EXERCISE BRIEF: Nothing outside the range is wanted. Repeat exactly the lines below from the one with "by (simp add: mod_eq_dvd_iff)" through the one with "unfolding sum_power_one_minus".

Saved entries:
(* Let $m$ be a nonnegative integer and $F$ a distribution function with finite $m$-th absolute moment. In $(\mathbb R_m[\mathrm D],\circ)$, $$\mathsf L_{F,m}^{-1}=\sum_{k=0}^m(\mathrm{Id}-\mathsf L_{F,m})^{\circ k}=\sum_{j=0}^m(-1)^j\mathsf L_{F,m}^{\circ j}\sum_{k=j}^m\binom{k}{j}.$$
   Context: $(\mathbb R_m[\mathrm D],\circ)$ is the ring of polynomials in $\mathrm D$ of degree at most $m$ with multiplication of polynomials modulo $\mathrm D^{m+1}$; $\mathrm{Id}$ is its unit $\mathrm D^0$. For $T$ in this ring, $T^{\circ0}=\mathrm{Id}$ and $T^{\circ k}=T\circ T^{\circ(k-1)}$. $\mu_{F,k}=\int x^k\,dF(x)$ and $\mathsf L_{F,m}=\sum_{k=0}^m\frac{(-1)^k}{k!}\mu_{F,k}\mathrm D^k$. *)

theory Defs
  imports "HOL-Analysis.Analysis" "HOL-Computational_Algebra.Polynomial"
begin

definition distribution_function :: "(real \<Rightarrow> real) \<Rightarrow> bool" where
  "distribution_function F \<longleftrightarrow> mono F \<and> (\<forall>x. continuous (at_right x) F)
     \<and> (F \<longlongrightarrow> 0) at_bot \<and> (F \<longlongrightarrow> 1) at_top"

definition moment :: "(real \<Rightarrow> real) \<Rightarrow> nat \<Rightarrow> real" where
  "moment F k = integral\<^sup>L (interval_measure F) (\<lambda>x. x ^ k)"

text \<open>Elements of R_m[D] are real polynomials in D of degree at most m;
  multiplication is ordinary multiplication truncated modulo D^(m+1).\<close>
definition in_Rm :: "nat \<Rightarrow> real poly \<Rightarrow> bool" where
  "in_Rm m p \<longleftrightarrow> degree p \<le> m"

definition tmult :: "nat \<Rightarrow> real poly \<Rightarrow> real poly \<Rightarrow> real poly" where
  "tmult m p q = (\<Sum>k\<le>m. monom (coeff (p * q) k) k)"

primrec tpow :: "nat \<Rightarrow> real poly \<Rightarrow> nat \<Rightarrow> real poly" where
  "tpow m T 0 = 1"
| "tpow m T (Suc k) = tmult m T (tpow m T k)"

definition LF :: "(real \<Rightarrow> real) \<Rightarrow> nat \<Rightarrow> real poly" where
  "LF F m = (\<Sum>k\<le>m. monom ((-1) ^ k / fact k * moment F k) k)"

end

theory Submission
  imports Defs "HOL-Probability.Distribution_Functions"
begin

text \<open>Only the zeroth moment enters: \<open>\<mu>\<^sub>0 = 1\<close> because \<open>F\<close> is a distribution
  function. Thus \<open>L = L\<^sub>F\<^sub>,\<^sub>m\<close> has constant term 1,
  \<open>N = Id - L\<close> is divisible by \<open>D\<close>, and \<open>N\<^sup>m\<^sup>+\<^sup>1 = 0\<close> modulo \<open>D\<^sup>m\<^sup>+\<^sup>1\<close>; hence the truncated
  geometric series \<open>\<Sum>\<^sub>k\<^sub>\<le>\<^sub>m N\<^sup>k\<close> inverts \<open>L = Id - N\<close>. The second formula is the
  binomial expansion of each \<open>(Id - L)\<^sup>k\<close> with the two sums interchanged.\<close>

lemma moment_0_distribution_function:
  assumes "distribution_function F"
  shows "moment F 0 = 1"
proof -
  have "mono F" "\<And>x. continuous (at_right x) F" "(F \<longlongrightarrow> 0) at_bot" "(F \<longlongrightarrow> 1) at_top"
    using assms by (auto simp: distribution_function_def)
  then have "emeasure (interval_measure F) UNIV = ennreal 1"
    by (intro interval_measure_UNIV) (auto simp: monoD)
  then show ?thesis
    by (simp add: moment_def measure_def)
qed

lemma coeff_LF_0: "coeff (LF F m) 0 = moment F 0"
  by (simp add: LF_def coeff_sum coeff_monom)

lemma sum_power_one_minus:
  fixes x :: "'a::comm_ring_1"
  shows "(\<Sum>k\<le>m. (1 - x) ^ k) = (\<Sum>j\<le>m. (-1) ^ j * of_nat (\<Sum>k=j..m. k choose j) * x ^ j)"
proof -
  have binomial: "(1 - x) ^ k = (\<Sum>j\<le>m. of_nat (k choose j) * (- x) ^ j)" if "k \<le> m" for k
  proof -
    have "(1 - x) ^ k = (\<Sum>j\<le>k. of_nat (k choose j) * (- x) ^ j)"
      using binomial_ring[of "- x" 1 k] by simp
    also have "\<dots> = (\<Sum>j\<le>m. of_nat (k choose j) * (- x) ^ j)"
      using that by (intro sum.mono_neutral_left) (auto simp: binomial_eq_0)
    finally show ?thesis .
  qed
  have "(\<Sum>k\<le>m. (1 - x) ^ k) = (\<Sum>k\<le>m. \<Sum>j\<le>m. of_nat (k choose j) * (- x) ^ j)"
    by (simp add: binomial)
  also have "\<dots> = (\<Sum>j\<le>m. \<Sum>k\<le>m. of_nat (k choose j) * (- x) ^ j)"
    by (rule sum.swap)
  also have "\<dots> = (\<Sum>j\<le>m. \<Sum>k=j..m. of_nat (k choose j) * (- x) ^ j)"
    by (intro sum.cong refl sum.mono_neutral_right) (auto simp: binomial_eq_0)
  also have "\<dots> = (\<Sum>j\<le>m. of_nat (\<Sum>k=j..m. k choose j) * (- x) ^ j)"
    by (simp add: sum_distrib_right)
  also have "\<dots> = (\<Sum>j\<le>m. (-1) ^ j * of_nat (\<Sum>k=j..m. k choose j) * x ^ j)"
    by (simp add: power_minus[of x] mult.left_commute mult.assoc)
      \<comment> \<open>uninstantiated, \<open>power_minus\<close> loops on \<open>(-1) ^ j\<close>\<close>
  finally show ?thesis .
qed

lemma poly_mod_sum_left:
  fixes f :: "'b \<Rightarrow> 'a::field poly"
  shows "(\<Sum>i\<in>A. f i) mod z = (\<Sum>i\<in>A. f i mod z)"
  by (induction A rule: infinite_finite_induct) (auto simp: poly_mod_add_left)

lemma monom_dvd_power_if_coeff_0:
  fixes p :: "'a::comm_semiring_1 poly"
  assumes "coeff p 0 = 0"
  shows "monom 1 n dvd p ^ n"
proof -
  have "monom 1 1 dvd p"
    using assms by (simp add: monom_1_dvd_iff')
  then have "monom 1 1 ^ n dvd p ^ n"
    by (rule dvd_power_same)
  moreover have "monom 1 1 ^ n = (monom 1 n :: 'a poly)"
    using monom_power[of "1::'a" 1 n] by simp
  ultimately show ?thesis
    by simp
qed

lemma mult_sum_power_one_minus_mod_monom:
  fixes p :: "'a::field poly"
  assumes "coeff p 0 = 1"
  shows "p * (\<Sum>k\<le>m. (1 - p) ^ k) mod monom 1 (Suc m) = 1"
proof -
  have "monom 1 (Suc m) dvd (1 - p) ^ Suc m"
    using assms by (intro monom_dvd_power_if_coeff_0) simp
  moreover have "p * (\<Sum>k\<le>m. (1 - p) ^ k) = 1 - (1 - p) ^ Suc m"
    using sum_gp_basic[of "1 - p" m] by simp
  ultimately show ?thesis
    by (simp add: poly_mod_diff_left mod_poly_less degree_monom_eq)
qed

lemma tmult_eq_mod: "tmult m p q = p * q mod monom 1 (Suc m)"
proof -
  define r where "r = p * q"
  define t where "t = (\<Sum>k\<le>m. monom (coeff r k) k)"
  have coeff_t: "coeff t k = (if k \<le> m then coeff r k else 0)" for k
    by (simp add: t_def coeff_sum coeff_monom)
  have "monom 1 (Suc m) dvd r - t"
    unfolding monom_1_dvd_iff' by (simp add: coeff_t)
  then have "r mod monom 1 (Suc m) = t mod monom 1 (Suc m)"
    by (simp add: mod_eq_dvd_iff)
  also have "\<dots> = t"
  proof (rule mod_poly_less)
    have "degree t \<le> m"
      by (rule degree_le) (simp add: coeff_t)
    then show "degree t < degree (monom (1::real) (Suc m))"
      by (simp add: degree_monom_eq)
  qed
  finally show ?thesis
    by (simp add: tmult_def t_def r_def)
qed

lemma tmult_commute: "tmult m p q = tmult m q p"
  by (simp add: tmult_def mult.commute)

lemma tpow_eq_mod: "tpow m p k = p ^ k mod monom 1 (Suc m)"
  by (induction k) (simp_all add: mod_poly_less degree_monom_eq tmult_eq_mod mod_mult_right_eq)

lemma sum_tpow_eq_mod: "(\<Sum>k\<le>m. tpow m (1 - p) k) = (\<Sum>k\<le>m. (1 - p) ^ k) mod monom 1 (Suc m)"
  by (simp add: tpow_eq_mod poly_mod_sum_left)

lemma tmult_sum_tpow_one_minus:
  assumes "coeff p 0 = 1"
  shows "tmult m p (\<Sum>k\<le>m. tpow m (1 - p) k) = 1"
  using mult_sum_power_one_minus_mod_monom[OF assms]
  by (simp add: tmult_eq_mod sum_tpow_eq_mod mod_mult_right_eq)

lemma sum_tpow_one_minus:
  "(\<Sum>k\<le>m. tpow m (1 - p) k)
     = (\<Sum>j\<le>m. smult ((-1) ^ j * (\<Sum>k=j..m. of_nat (k choose j))) (tpow m p j))"
proof -
  have expansion: "(\<Sum>k\<le>m. (1 - p) ^ k)
      = (\<Sum>j\<le>m. smult ((-1) ^ j * (\<Sum>k=j..m. of_nat (k choose j))) (p ^ j))"
    unfolding sum_power_one_minus
  proof (intro sum.cong refl)
    fix j
    have "(-1) ^ j = [:(-1) ^ j :: real:]"
      by (induction j) simp_all
    then show "(-1) ^ j * of_nat (\<Sum>k=j..m. k choose j) * p ^ j
        = smult ((-1) ^ j * (\<Sum>k=j..m. of_nat (k choose j))) (p ^ j)"
      by (simp add: of_nat_poly mult.commute)
  qed
  have "(\<Sum>k\<le>m. tpow m (1 - p) k) = (\<Sum>k\<le>m. (1 - p) ^ k) mod monom 1 (Suc m)"
    by (rule sum_tpow_eq_mod)
  also have "\<dots> = (\<Sum>j\<le>m. smult ((-1) ^ j * (\<Sum>k=j..m. of_nat (k choose j))) (p ^ j))
      mod monom 1 (Suc m)"
    by (simp only: expansion)
  also have "\<dots> = (\<Sum>j\<le>m. smult ((-1) ^ j * (\<Sum>k=j..m. of_nat (k choose j))) (tpow m p j))"
    by (simp add: poly_mod_sum_left mod_smult_left tpow_eq_mod)
  finally show ?thesis .
qed

theorem proposition2p1p3:
  fixes F :: "real \<Rightarrow> real" and m :: nat
  assumes "distribution_function F"
    and "integrable (interval_measure F) (\<lambda>x. \<bar>x\<bar> ^ m)"
  defines "S \<equiv> (\<Sum>k\<le>m. tpow m (1 - LF F m) k)"
  shows "tmult m (LF F m) S = 1 \<and> tmult m S (LF F m) = 1
    \<and> S = (\<Sum>j\<le>m. smult ((-1) ^ j * (\<Sum>k=j..m. of_nat (k choose j))) (tpow m (LF F m) j))"
proof -
  have "coeff (LF F m) 0 = 1"
    using moment_0_distribution_function[OF assms(1)] by (simp add: coeff_LF_0)
  then have "tmult m (LF F m) S = 1"
    unfolding S_def by (rule tmult_sum_tpow_one_minus)
  moreover have "S = (\<Sum>j\<le>m. smult ((-1) ^ j * (\<Sum>k=j..m. of_nat (k choose j))) (tpow m (LF F m) j))"
    unfolding S_def by (rule sum_tpow_one_minus)
  ultimately show ?thesis
    using tmult_commute by metis
qed

end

ANSWER FOR THE TASK:
    by (simp add: mod_eq_dvd_iff)
  also have "\<dots> = t"
  proof (rule mod_poly_less)
    have "degree t \<le> m"
      by (rule degree_le) (simp add: coeff_t)
    then show "degree t < degree (monom (1::real) (Suc m))"
      by (simp add: degree_monom_eq)
  qed
  finally show ?thesis
    by (simp add: tmult_def t_def r_def)
qed

lemma tmult_commute: "tmult m p q = tmult m q p"
  by (simp add: tmult_def mult.commute)

lemma tpow_eq_mod: "tpow m p k = p ^ k mod monom 1 (Suc m)"
  by (induction k) (simp_all add: mod_poly_less degree_monom_eq tmult_eq_mod mod_mult_right_eq)

lemma sum_tpow_eq_mod: "(\<Sum>k\<le>m. tpow m (1 - p) k) = (\<Sum>k\<le>m. (1 - p) ^ k) mod monom 1 (Suc m)"
  by (simp add: tpow_eq_mod poly_mod_sum_left)

lemma tmult_sum_tpow_one_minus:
  assumes "coeff p 0 = 1"
  shows "tmult m p (\<Sum>k\<le>m. tpow m (1 - p) k) = 1"
  using mult_sum_power_one_minus_mod_monom[OF assms]
  by (simp add: tmult_eq_mod sum_tpow_eq_mod mod_mult_right_eq)

lemma sum_tpow_one_minus:
  "(\<Sum>k\<le>m. tpow m (1 - p) k)
     = (\<Sum>j\<le>m. smult ((-1) ^ j * (\<Sum>k=j..m. of_nat (k choose j))) (tpow m p j))"
proof -
  have expansion: "(\<Sum>k\<le>m. (1 - p) ^ k)
      = (\<Sum>j\<le>m. smult ((-1) ^ j * (\<Sum>k=j..m. of_nat (k choose j))) (p ^ j))"
    unfolding sum_power_one_minus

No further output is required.